Ga naar de inhoud

In een begin dit jaar gepubliceerd boek wordt gerapporteerd over een internationaal researchproject. Aan de orde is hoe het ervoor staat met de residentiële jeugdhulpverlening in een zestiental overwegend Europese en Noord-Amerikaanse landen1. Een van de vragen luidt in hoeveel procent van de gevallen bij uithuisplaatsing van jeugdigen een beroep wordt gedaan op een vorm van residentiële hulp (in plaats van pleegzorg). Dit blijkt enorm te variëren. Drie landen springen eruit als ‘high users’ (Argentinië, Israël, Portugal), zes landen als ‘low users’ (Australië, Canada, Engeland, Ierland, Schotland, VS). De overige landen (Denemarken, Duitsland, Finland, Frankrijk, Nederland, Italië, Spanje) bevinden zich hier tussenin. In de ‘low users’ landen is er het afgelopen decennium sprake geweest van wetswijzigingen die geleid hebben tot een verminderde capaciteit van 24-uurs voorzieningen. In de ‘middengroep’ is er meer geïnvesteerd in kwalitatieve verbetering van de zorg. Ook op een ander kenmerk is er sprake van grote variatie: de vereisten die aan de opleiding van pedagogisch medewerkers worden gesteld. Dit varieert van beperkte (Australië, Canada, VS) tot uitgebreide vereisten (bijvoorbeeld Duitsland), waarin een bachelor- of (post)mastergraad wordt gevraagd. In een afsluitend hoofdstuk wordt vastgesteld dat in landen die de minste eisen stellen de reductie van residentiële capaciteit het sterkst waarneembaar is, terwijl er in landen die juist relatief hoge eisen stellen aan het personeel meer aandacht is voor zorgkwaliteit. Er bestaat volgens de auteurs geen twijfel dat “de kwaliteit van de hulpverlening direct gerelateerd is aan de opleiding, training en ervaring van de zorgprofessionals” (p. 436). Een en ander brengt hen tot de hypothese dat ‘low users’ landen in een ongelukkige vicieuze cirkel zitten, waarbij een gebrek aan goed opgeleide medewerkers gepaard gaat met minder goede kwaliteit en uitkomsten van residentiële zorg, wat op zijn beurt ertoe bijdraagt dat overheden minder geneigd zijn erin te investeren en het almaar lastiger is goed gekwalificeerd personeel te werven en te behouden.

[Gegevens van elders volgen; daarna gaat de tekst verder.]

definition has_walk :: "'a set \<Rightarrow> ('a \<Rightarrow> 'a \<Rightarrow> bool) \<Rightarrow> 'a \<Rightarrow> 'a \<Rightarrow> nat \<Rightarrow> bool" where
  "has_walk V E u v k \<longleftrightarrow> (\<exists>p. length p = Suc k \<and> hd p = u \<and> last p = v \<and> set p \<subseteq> V
      \<and> (\<forall>i<k. E (p ! i) (p ! Suc i)))"

definition graph_dist :: "'a set \<Rightarrow> ('a \<Rightarrow> 'a \<Rightarrow> bool) \<Rightarrow> 'a \<Rightarrow> 'a \<Rightarrow> nat" where
  "graph_dist V E u v = (LEAST k. has_walk V E u v k)"

definition transmission :: "'a set \<Rightarrow> ('a \<Rightarrow> 'a \<Rightarrow> bool) \<Rightarrow> 'a \<Rightarrow> nat" where
  "transmission V E v = (\<Sum>u\<in>V. graph_dist V E u v)"

definition dist_signless_laplacian ::
    "'a set \<Rightarrow> ('a \<Rightarrow> 'a \<Rightarrow> bool) \<Rightarrow> 'a list \<Rightarrow> real mat" where
  "dist_signless_laplacian V E vs = mat (length vs) (length vs) (\<lambda>(i, j).
      (if i = j then real (transmission V E (vs ! i)) else 0)
      + real (graph_dist V E (vs ! i) (vs ! j)))"

definition poly_of_roots :: "real multiset \<Rightarrow> real poly" where
  "poly_of_roots M = prod_mset (image_mset (\<lambda>a. [:- a, 1:]) M)"

end

theory Submission
  imports Defs
begin

text \<open>
  In \<open>Q\<^sub>4\<^sub>n = \<langle>x\<rangle> \<union> \<langle>x\<rangle>y\<close> the centre is \<open>{1, x\<^sup>n}\<close>; powers of \<open>x\<close> commute with each other and
  with no \<open>x\<^sup>k y\<close>, while \<open>x\<^sup>k y\<close> and \<open>x\<^sup>l y\<close> commute iff \<open>k \<equiv> l (mod n)\<close>. Hence the
  non-commuting graph has diameter 2, the distance being 2 exactly between two non-central powers
  of \<open>x\<close> and between \<open>x\<^sup>k y\<close> and \<open>x\<^sup>k\<^sup>+\<^sup>n y\<close>, and all transmissions are \<open>6n - 6\<close> or \<open>4n - 2\<close>.

  The characteristic polynomial is read off from an explicit unit lower triangular change of
  basis that makes \<open>D\<^sup>Q\<close> upper triangular. Its vectors are differences of powers of \<open>x\<close>
  (eigenvalue \<open>6n - 8\<close>), the differences \<open>x\<^sup>k y - x\<^sup>k\<^sup>+\<^sup>n y\<close> (eigenvalue \<open>4n - 4\<close>), differences of
  consecutive \<open>x\<^sup>k y\<close> with \<open>k \<ge> n\<close> (eigenvalue \<open>4n - 2\<close> modulo the previous vectors), and two
  vectors in the plane spanned by the indicators of the two vertex classes, on which \<open>D\<^sup>Q\<close> acts by the
  quotient matrix \<open>[[10n - 12, 2n], [2n - 2, 6n - 2]]\<close> with eigenvalues \<open>t\<^sub>k(2n - 2) + 6n - 2\<close>.
\<close>

lemma sum_of_bool_delta:
  "finite A \<Longrightarrow> s \<in> A \<Longrightarrow> (\<Sum>k\<in>A. of_bool (s = k) * g k) = (g s :: 'a :: comm_semiring_1)"
proof -
  assume "finite A" "s \<in> A"
  moreover have "A \<inter> {k. s = k} = {s}" using \<open>s \<in> A\<close> by auto
  ultimately show ?thesis by simp
qed

lemma sum_upt_of_bool_eq: "(\<Sum>k = 0..<N. of_bool (k = s) :: 'a :: comm_semiring_1) = of_bool (s < (N::nat))"
proof -
  have "{0..<N} \<inter> {k. k = s} = (if s < N then {s} else {})" by auto
  then show ?thesis by simp
qed

lemma sum_upt_of_bool_ge: "(\<Sum>k = 0..<N. of_bool (a \<le> k) :: 'a :: comm_semiring_1) = of_nat ((N::nat) - a)"
proof -
  have "{0..<N} \<inter> {k. a \<le> k} = {a..<N}" by auto
  then show ?thesis by simp
qed

lemma sum_upt_mult_of_bool_less:
  "a \<le> (N::nat) \<Longrightarrow> (\<Sum>k = 0..<N. g k * of_bool (k < a)) = (\<Sum>k = 0..<a. g k :: 'a :: comm_semiring_1)"
proof -
  assume "a \<le> N"
  then have "{0..<N} \<inter> {k. k < a} = {0..<a}" by auto
  then show ?thesis by simp
qed

lemma sum_upt_mult_sum_list_of_bool:
  assumes "\<And>s c. (s, c) \<in> set L \<Longrightarrow> s < (N::nat)"
  shows "(\<Sum>k = 0..<N. g k * (\<Sum>(s, c)\<leftarrow>L. c * of_bool (k = s)))
    = (\<Sum>(s, c)\<leftarrow>L. c * g s :: 'a :: comm_semiring_1)"
  using assms
proof (induction L)
  case (Cons sc L)
  obtain s c where sc: "sc = (s, c)" by force
  have "(\<Sum>k = 0..<N. g k * (\<Sum>(s, c)\<leftarrow>sc # L. c * of_bool (k = s)))
      = (\<Sum>k = 0..<N. c * (g k * of_bool (k = s)))
        + (\<Sum>k = 0..<N. g k * (\<Sum>(s, c)\<leftarrow>L. c * of_bool (k = s)))"
    by (simp add: sc distrib_left sum.distrib mult.left_commute)
  also have "(\<Sum>k = 0..<N. c * (g k * of_bool (k = s))) = c * g s"
  proof -
    have "s < N" using Cons.prems[of s c] sc by simp
    then have "{0..<N} \<inter> {k. k = s} = {s}" by auto
    then show ?thesis by (simp add: sum_distrib_left[symmetric])
  qed
  also have "(\<Sum>k = 0..<N. g k * (\<Sum>(s, c)\<leftarrow>L. c * of_bool (k = s))) = (\<Sum>(s, c)\<leftarrow>L. c * g s)"
    using Cons.prems by (intro Cons.IH) auto
  finally show ?case by (simp add: sc)
qed simp

lemma map_upt_eq_replicate:
  "(\<And>i. a \<le> i \<Longrightarrow> i < b \<Longrightarrow> f i = c) \<Longrightarrow> map f [a..<b] = replicate (b - a) c"
  by (rule nth_equalityI) auto

lemma upt_eq_append: "i \<le> j \<Longrightarrow> j \<le> k \<Longrightarrow> [i..<k] = [i..<j] @ [j..<k]"
  using upt_add_eq_append[of i j "k - j"] by simp

lemma similar_mat_intertwined:
  fixes A P T :: "'a :: field mat"
  assumes A: "A \<in> carrier_mat N N" and P: "P \<in> carrier_mat N N" and T: "T \<in> carrier_mat N N"
    and det_P: "det P \<noteq> 0" and AP: "A * P = P * T"
  shows "similar_mat A T"
proof -
  from det_non_zero_imp_unit[OF P det_P, unfolded Units_def, of "()"]
  obtain Q where Q: "Q \<in> carrier_mat N N" and QP: "Q * P = 1\<^sub>m N" and PQ: "P * Q = 1\<^sub>m N"
    by (auto simp: ring_mat_def)
  have "A = A * (P * Q)" using A PQ by simp
  also have "\<dots> = (A * P) * Q" using A P Q by simp
  also have "\<dots> = P * T * Q" using AP by simp
  finally have "similar_mat_wit A T P Q"
    unfolding similar_mat_wit_def Let_def using A P Q T PQ QP by auto
  then show ?thesis unfolding similar_mat_def by blast
qed
definition word_w :: "'v set \<Rightarrow> ('v \<Rightarrow> 'v \<Rightarrow> bool) \<Rightarrow> (nat \<Rightarrow> 'v) \<Rightarrow> nat \<Rightarrow> 'v list \<Rightarrow> 'v list" where
  "word_w I E lab k ord =
     (let p1 = fst (p12 I E lab k ord);
          p2 = snd (p12 I E lab k ord);
          A = Aset I E lab k; B = Bset I E lab k;
          d = d_of I E lab k;
          p3 = replace_letter (lab d) (lab d # rev (filter (\<lambda>z. z \<in> A) p1)) (map lab [1..<k+1])
      in p1 @ rev (filter (\<lambda>z. z \<in> B) p1) @ p2 @ p3)"

end

theory Submission
  imports Defs
begin

text \<open>Restricting w to two letters restricts each of its four blocks separately.
  Each of p1, p2 and p3 contains every clique vertex exactly once, in increasing order, so two
  clique vertices i < j give i j i j i j. A vertex a of I occurs in p1 and in p2 right next to its
  anchor (m a and n a, resp. l a and r a), in the reversed block iff a \<in> B, and in
  p3, after the letter d, iff a \<in> A. Comparing a neighbour c with these anchors yields
  a c a c a c or c a c a c a; for a \<in> A this needs m a \<le> d < n a, which is where
  condition (iii) enters.\<close>

lemma replace_letter_Cons [simp]:
  "replace_letter y s (z # p) = (if z = y then s else [z]) @ replace_letter y s p"
  by (simp add: replace_letter_def)
(* Fix $\alpha\in[0,1]$, assume $\mathcal{N}_M>1$, and let $A_p>0$. Consider the open-loop male-scarcity system on $\mathbb{R}^3_+$: $M'=r\rho Ue^{-\sigma(M+A+U)}-\alpha\frac{A_p}{A_p+A}M-\mu M$, $A'=(1-r)\rho Ue^{-\sigma(M+A+U)}-\nu\frac{\gamma M}{A_p+A}A+\eta U-\delta A$, $U'=\nu\frac{\gamma M}{A_p+A}A-\eta U-\delta U$. (a) If $0<A_p<\tilde A_p^{crit}$, then the basin of attraction of $\mathbf{E}_0=(0,0,0)$ for this system contains $\{\mathbf{X}\in\mathbb{R}^3_+:\ \mathbf{E}_0\le\mathbf{X}<\tilde{\mathbf{E}}_{1,p}\}$. (b) If $A_p>\tilde A_p^{crit}$, then $\mathbf{E}_0$ is globally asymptotically stable on $\mathbb{R}^3_+$ for this system.
   Context: Parameters: $r\in(0,1)$, $\rho,\sigma,\mu,\delta,\nu,\eta>0$, $\gamma\ge1$; $\mathcal{N}_M:=\frac{\gamma r\rho\nu}{\mu(\delta+\eta)}$. Auxiliary system: $M'=r\rho Ue^{-\sigma M}-\alpha\frac{A_p}{A_p+A}M-\mu M$, $A'=((1-r)\rho+\eta)U-\delta A$, $U'=\nu\frac{\gamma M}{A_p+A}A-(\eta+\delta)U$. $\tilde A_p^{crit}>0$ is the threshold (independent of $A_p$) such that for $A_p>\tilde A_p^{crit}$ the auxiliary system has no positive equilibrium and $\mathbf{E}_0$ is globally asymptotically stable for it on $\mathbb{R}^3_+$, while for $0<A_p<\tilde A_p^{crit}$ the auxiliary system has exactly two positive equilibria $\tilde{\mathbf{E}}_{1,p}<\tilde{\mathbf{E}}_{2,p}$ (componentwise) and the basin of $\mathbf{E}_0$ for the auxiliary system contains $\{\mathbf{E}_0\le\mathbf{X}<\tilde{\mathbf{E}}_{1,p}\}$. Order is componentwise. *)

theory Defs
  imports "HOL-Analysis.Analysis"
begin

type_synonym state = "real \<times> real \<times> real"   (* (M, A, U) *)

definition full_field ::
  "real \<Rightarrow> real \<Rightarrow> real \<Rightarrow> real \<Rightarrow> real \<Rightarrow> real \<Rightarrow> real \<Rightarrow> real \<Rightarrow> real \<Rightarrow> real \<Rightarrow> state \<Rightarrow> state" where
  "full_field r \<rho> \<sigma> \<mu> \<delta> \<nu> \<eta> \<gamma> \<alpha> Ap =
     (\<lambda>(M, A, U).
       ( r * \<rho> * U * exp (- \<sigma> * (M + A + U)) - \<alpha> * (Ap / (Ap + A)) * M - \<mu> * M,
         (1 - r) * \<rho> * U * exp (- \<sigma> * (M + A + U)) - \<nu> * (\<gamma> * M / (Ap + A)) * A + \<eta> * U - \<delta> * A,
         \<nu> * (\<gamma> * M / (Ap + A)) * A - \<eta> * U - \<delta> * U))"
lemma test_fun_integration_by_parts:
  fixes u u' :: "real \<Rightarrow> 'a::euclidean_space"
  assumes "a \<le> b" and u: "\<And>x. (u has_vector_derivative u' x) (at x)" "continuous_on UNIV u'"
    and \<phi>: "test_fun {a<..<b} \<phi>"
  shows "(LINT x:{a<..<b}|lebesgue. deriv \<phi> x *\<^sub>R u x) = - (LINT x:{a<..<b}|lebesgue. \<phi> x *\<^sub>R u' x)"
proof -
  obtain D where "D 0 = \<phi>" and D: "\<And>n x. (D n has_real_derivative D (Suc n) x) (at x)"
    using \<phi> unfolding test_fun_def smooth_fun_def by blast
  then have \<phi>': "\<And>x. (\<phi> has_real_derivative D 1 x) (at x)"
    by (metis One_nat_def)
  have "continuous_on UNIV \<phi>" "continuous_on UNIV (D 1)" "continuous_on UNIV u"
    using \<phi>' D[of 1] u(1) by (auto intro: DERIV_continuous_on continuous_on_vector_derivative)
  then have int: "set_integrable lebesgue {a<..<b} (\<lambda>x. \<phi> x *\<^sub>R u' x)"
      "set_integrable lebesgue {a<..<b} (\<lambda>x. D 1 x *\<^sub>R u x)"
    using u(2) by (auto intro!: set_integrable_continuous_bounded continuous_intros)
  have "\<phi> a = 0" "\<phi> b = 0"
    using \<phi> closure_subset[of "{x. \<phi> x \<noteq> 0}"] unfolding test_fun_def by auto
  moreover have "((\<lambda>x. \<phi> x *\<^sub>R u x) has_vector_derivative \<phi> x *\<^sub>R u' x + D 1 x *\<^sub>R u x)
      (at x within {a..b})" for x
    using has_vector_derivative_scaleR[OF \<phi>' u(1)] by (simp add: has_vector_derivative_at_within)
  ultimately have "((\<lambda>x. \<phi> x *\<^sub>R u' x + D 1 x *\<^sub>R u x) has_integral 0) {a..b}"
    using fundamental_theorem_of_calculus[OF \<open>a \<le> b\<close>] by fastforce
  then have "(LINT x:{a<..<b}|lebesgue. \<phi> x *\<^sub>R u' x + D 1 x *\<^sub>R u x) = 0"
    using set_lebesgue_integral_eq_integral(2)[OF set_integral_add(1)[OF int]]
    by (simp add: integral_open_interval_real[symmetric] integral_unique)
  moreover have "deriv \<phi> = D 1"
    using \<phi>' DERIV_imp_deriv by blast
  ultimately show ?thesis
    using set_integral_add(2)[OF int] by (simp add: eq_neg_iff_add_eq_0 add.commute)
qed

lemma W12_with_deriv_C1:
  fixes u u' :: "real \<Rightarrow> 'a::euclidean_space"
  assumes "a \<le> b" and u: "\<And>x. (u has_vector_derivative u' x) (at x)" "continuous_on UNIV u'"
  shows "W12_with_deriv {a<..<b} u u'"
proof -
  have cont_u: "continuous_on UNIV u"
    using u(1) by (auto intro: continuous_on_vector_derivative has_vector_derivative_at_within)
  have L2: "L2_on {a<..<b} g" if "continuous_on UNIV g" for g :: "real \<Rightarrow> 'a"
  proof -
    have "set_integrable lebesgue {a<..<b} g" "set_integrable lebesgue {a<..<b} (\<lambda>x. (norm (g x))\<^sup>2)"
      using that by (auto intro!: set_integrable_continuous_bounded continuous_intros)
    then show ?thesis
      unfolding L2_on_def set_integrable_def set_borel_measurable_def by simp
  qed
  have "has_weak_deriv_on {a<..<b} u u'"
    unfolding has_weak_deriv_on_def
    using cont_u u test_fun_integration_by_parts[OF assms]
    by (auto intro!: set_integrable_continuous_bounded simp: compact_imp_bounded borel_compact)
  then show ?thesis
    unfolding W12_with_deriv_def using L2 cont_u u(2) by blast
qed

definition vec3 :: "real \<Rightarrow> real \<Rightarrow> real \<Rightarrow> real^3" where
  "vec3 a b c = a *\<^sub>R axis 1 1 + b *\<^sub>R axis 2 1 + c *\<^sub>R axis 3 1"

lemma vec3_nth [simp]: "vec3 a b c $ 1 = a" "vec3 a b c $ 2 = b" "vec3 a b c $ 3 = c"
  by (simp_all add: vec3_def axis_def)

lemma inner_vec3 [simp]: "vec3 a b c \<bullet> vec3 a' b' c' = a * a' + b * b' + c * c'"
  by (simp add: inner_vec_def sum_3)

lemma has_vector_derivative_vec3:
  assumes "(f has_real_derivative f') (at x)" "(g has_real_derivative g') (at x)"
    "(h has_real_derivative h') (at x)"
  shows "((\<lambda>x. vec3 (f x) (g x) (h x)) has_vector_derivative vec3 f' g' h') (at x)"
  unfolding vec3_def using assms
  by (auto intro!: derivative_eq_intros simp: has_real_derivative_iff_has_vector_derivative)

lemma continuous_on_vec3:
  assumes "continuous_on S f" "continuous_on S g" "continuous_on S h"
  shows "continuous_on S (\<lambda>x. vec3 (f x) (g x) (h x))"
  unfolding vec3_def by (intro continuous_intros assms)

lemma rotation_matrix_frame:
  assumes "a \<bullet> a = 1" "b \<bullet> b = 1" "c \<bullet> c = 1" "a \<bullet> b = 0" "a \<bullet> c = 0" "b \<bullet> c = 0"
    and "det (frame a b c) = 1"
  shows "rotation_matrix (frame a b c)"
  unfolding rotation_matrix_def orthogonal_matrix
  using assms by (simp add: vec_eq_iff forall_3 matrix_matrix_mult_def transpose_def frame_def mat_def
      sum_3 inner_vec_def mult.commute)
(* Let $\mathscr D\subset\mathbb T$ be a set whose boundary has Lebesgue measure zero and with $|\mathscr D|>0$. Fix a positive integer $N$. Then there exists a constant $C_N>0$ such that for every Riemann integrable function $\varphi:\mathbb T\to\mathbb C$, $$\limsup_{\substack{q\to\infty\\ d(q)\le N}}\frac{M_{2,\varphi}(q)}{q}\le\frac{C_N}{|\mathscr D|}\,\|\varphi\|_2^2 .$$
   Context: $\mathbb T=\mathbb R/\mathbb Z$ with Lebesgue measure $|\cdot|$; $\|\varphi\|_2$ is the $L^2(\mathbb T)$ norm. $d(q)$ is the number of positive divisors of $q$. $\mathbb Z_q^\times=\{p\in\{1,\dots,q\}:\gcd(p,q)=1\}$, $\phi(q)=|\mathbb Z_q^\times|$. $e_q(x)=e^{2\pi i x/q}$, $g_\varphi(p,q)=\sum_{h=0}^{q-1}\varphi(h/q)\,e_q(ph^2)$, and $M_{2,\varphi}(q)=\frac{1}{\phi(q)|\mathscr D|}\sum_{p\in\mathbb Z_q^\times,\ p/q\bmod1\in\mathscr D}|g_\varphi(p,q)|^2$. *)

theory Defs
  imports "HOL-Analysis.Analysis" "HOL-Number_Theory.Number_Theory"
begin

definition riemann_integrable_on :: "(real \<Rightarrow> 'b::real_normed_vector) \<Rightarrow> real \<Rightarrow> real \<Rightarrow> bool" where
  "riemann_integrable_on f a b \<longleftrightarrow>
     (\<exists>I. \<forall>\<epsilon>>0. \<exists>\<delta>>0. \<forall>P. P tagged_division_of {a..b} \<and> (\<lambda>x. ball x \<delta>) fine P \<longrightarrow>
        norm ((\<Sum>(x,K)\<in>P. Henstock_Kurzweil_Integration.content K *\<^sub>R f x) - I) < \<epsilon>)"

definition ndiv :: "nat \<Rightarrow> nat" where
  "ndiv q = card {d. d dvd q \<and> d > 0}"

definition units_mod :: "nat \<Rightarrow> nat set" where
  "units_mod q = {p \<in> {1..q}. coprime p q}"

definition e_q :: "nat \<Rightarrow> real \<Rightarrow> complex" where
  "e_q q x = exp (2 * of_real pi * \<i> * of_real (x / real q))"

definition gauss_phi :: "(real \<Rightarrow> complex) \<Rightarrow> nat \<Rightarrow> nat \<Rightarrow> complex" where
  "gauss_phi \<phi> p q = (\<Sum>h = 0..<q. \<phi> (real h / real q) * e_q q (real (p * h^2)))"

text \<open>\<open>D\<close> is a subset of \<open>[0,1)\<close>, representing a subset of \<open>\<real>/\<int>\<close>.\<close>
definition M2 :: "real set \<Rightarrow> (real \<Rightarrow> complex) \<Rightarrow> nat \<Rightarrow> real" where
  "M2 D \<phi> q = (1 / (real (totient q) * measure lebesgue D)) *
     (\<Sum>p \<in> {p \<in> units_mod q. frac (real p / real q) \<in> D}. (cmod (gauss_phi \<phi> p q))^2)"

In het licht van deze bevindingen geeft het te denken dat in de onlangs verschenen Hervormingsagenda Jeugd 2023-20282 als opgave wordt geformuleerd: het afbouwen van residentiële jeugdhulp. Nederland wenst zich kennelijk te scharen in de groep van ‘low users’ landen. Het is te hopen dat dit voor de kleine groep kwetsbare jeugdigen die aangewezen is op verblijf in een behandelgroep niet gepaard gaat met een type kwaliteitsverlies zoals hier aangeduid. Ik raad beleidsbepalers en -uitvoerders aan, alvorens te ontmantelen, kennis te nemen van de positief psychologische, evidence-based inzichten rond 24-uurs voorzieningen in het onlangs verschenen boek van de Amerikaanse hoogleraar Bruce Henderson3. Laten we het kind niet met het badwater weggooien.

1. Whittaker, J.K., Holmes, L., Del Valle, J.F., & James, S. (Eds.) (2023). Revitalizing residential care for children and youth: Cross-national trends and challenges. Oxford University Press.
2. Rijksoverheid (2023). Hervormingsagenda Jeugd 2023-2028.
3. Henderson, B.B. (2023). Challenging the conventional wisdom about residential care for children and youth: A good place to grow. Routledge.